▶ _RECORDS PROVIDED_:
lemma snake_not_crosses:
  assumes "d \<in> snake n S" "e \<in> snake n S"
  shows "\<not> crosses d e"
proof -
  obtain k where k: "d = {snake_start n S k, snake_start n S k + k + 1}"
    using assms(1) unfolding snake_iff by blast
  obtain j where j: "e = {snake_start n S j, snake_start n S j + j + 1}"
    using assms(2) unfolding snake_iff by blast
  have "k \<le> j \<or> j \<le> k" by linarith
  then show ?thesis
  proof
    assume "k \<le> j"
    then show ?thesis
      unfolding k j using snake_start_antimono[of k j n S] snake_end_mono[of k j n S]
      by (auto simp: crosses_iff)
  next
    assume "j \<le> k"
    then show ?thesis
      unfolding k j using snake_start_antimono[of j k n S] snake_end_mono[of j k n S]
      by (auto simp: crosses_iff)
  qed
qed

lemma snake_crosses_shorter:
  assumes "1 \<le> j" "j < n - 3" "x + 2 \<le> y"
    and "snake_start n S (j + 1) \<le> x" "y \<le> snake_start n S (j + 1) + (j + 1) + 1"
    and "\<not> (snake_start n S j \<le> x \<and> y \<le> snake_start n S j + j + 1)"
    and "{x, y} \<noteq> {snake_start n S (j + 1), snake_start n S (j + 1) + (j + 1) + 1}"
  shows "crosses {x, y} {snake_start n S j, snake_start n S j + j + 1}"
proof (cases "j \<in> S")
  case True
  then have "snake_start n S j = snake_start n S (j + 1) + 1" using snake_start_Suc[OF assms(2)]
    by simp
  then show ?thesis using assms by (subst crosses_iff) auto
next
  case False
  then have "snake_start n S j = snake_start n S (j + 1)" using snake_start_Suc[OF assms(2)] by simp
  then show ?thesis using assms by (subst crosses_iff) auto
qed

text \<open>{x, y} crosses the snake diagonal just shorter than the shortest one spanning [x, y].\<close>
lemma inner_diagonal_crosses_snake:
  assumes n: "4 \<le> n" and xy: "1 \<le> x" "x + 2 \<le> y" "y \<le> n - 1" "{x, y} \<notin> snake n S"
  shows "\<exists>e\<in>snake n S. crosses {x, y} e"
proof -
  define covers where "covers j \<longleftrightarrow> 1 \<le> j \<and> j \<le> n - 3 \<and> snake_start n S j \<le> x
      \<and> y \<le> snake_start n S j + j + 1" for j
  have "covers (n - 3)"
    unfolding covers_def using n xy snake_start_top[of n S] by simp arith
  define j0 where "j0 = (LEAST j. covers j)"
  have least: "covers j0" unfolding j0_def by (rule LeastI) fact
  have not_xy: "{x, y} \<noteq> {snake_start n S k, snake_start n S k + k + 1}"
    if "1 \<le> k" "k \<le> n - 3" for k
    using xy(4) snake_memI[OF that] by metis
  have "j0 \<noteq> 1"
  proof
    assume "j0 = 1"
    then have "x = snake_start n S 1" "y = snake_start n S 1 + 1 + 1"
      using least xy unfolding covers_def by auto
    moreover have "1 \<le> n - 3" using n by simp
    ultimately show False using not_xy[of 1] by simp
  qed
  then have "2 \<le> j0" "j0 \<le> n - 3" using least unfolding covers_def by auto
  define j where "j = j0 - 1"
  have j: "1 \<le> j" "j < n - 3" "j0 = j + 1" using \<open>2 \<le> j0\<close> \<open>j0 \<le> n - 3\<close> unfolding j_def by auto
  have "\<not> covers j" using j(3) unfolding j0_def by (metis lessI not_less_Least Suc_eq_plus1)
  then have "crosses {x, y} {snake_start n S j, snake_start n S j + j + 1}"
    using least j xy(2) not_xy[of "j + 1"] unfolding covers_def
      by (intro snake_crosses_shorter) auto
  then show ?thesis using snake_memI[of j n S] j by auto
qed

lemma snake_maximal:
  assumes n: "4 \<le> n" and d: "d \<in> diagonals n" "d \<notin> snake n S"
  shows "\<exists>e\<in>snake n S. crosses d e"
proof -
  obtain x y where xy: "d = {x, y}" "x < y" "y < n" "{x, y} \<notin> poly_sides n"
    using d(1) unfolding diagonals_def by blast
  have xy2: "x + 2 \<le> y" using diagonal_length[OF d(1)[unfolded xy(1)] xy(2)] by simp
  show ?thesis
  proof (cases "x = 0")
    case True
    then have "y \<noteq> n - 1"
      using xy(3,4) unfolding doubleton_in_poly_sides_iff by (auto simp: next_vertex_eq)
    then have "crosses d {1, n - 1}" unfolding xy(1) using True xy2 xy(3) n
      by (subst crosses_iff) auto
    then show ?thesis using snake_longest[OF n] by blast
  next
    case False
    then show ?thesis using inner_diagonal_crosses_snake[OF n] xy xy2 d(2) by simp
  qed
qed

lemma triangulation_snake: "4 \<le> n \<Longrightarrow> triangulation n (snake n S)"
  unfolding triangulation_def
  using snake_subset_diagonals snake_not_crosses snake_maximal by blast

▶ _WHAT THE EXERCISE ASKS_:
Each line above where the word "assms" occurs should be copied out.

▶ _ANSWER TO THE PROBLEM_:
    using assms(1) unfolding snake_iff by blast
    using assms(2) unfolding snake_iff by blast
  then have "snake_start n S j = snake_start n S (j + 1) + 1" using snake_start_Suc[OF assms(2)]
  then show ?thesis using assms by (subst crosses_iff) auto
  then have "snake_start n S j = snake_start n S (j + 1)" using snake_start_Suc[OF assms(2)] by simp
  then show ?thesis using assms by (subst crosses_iff) auto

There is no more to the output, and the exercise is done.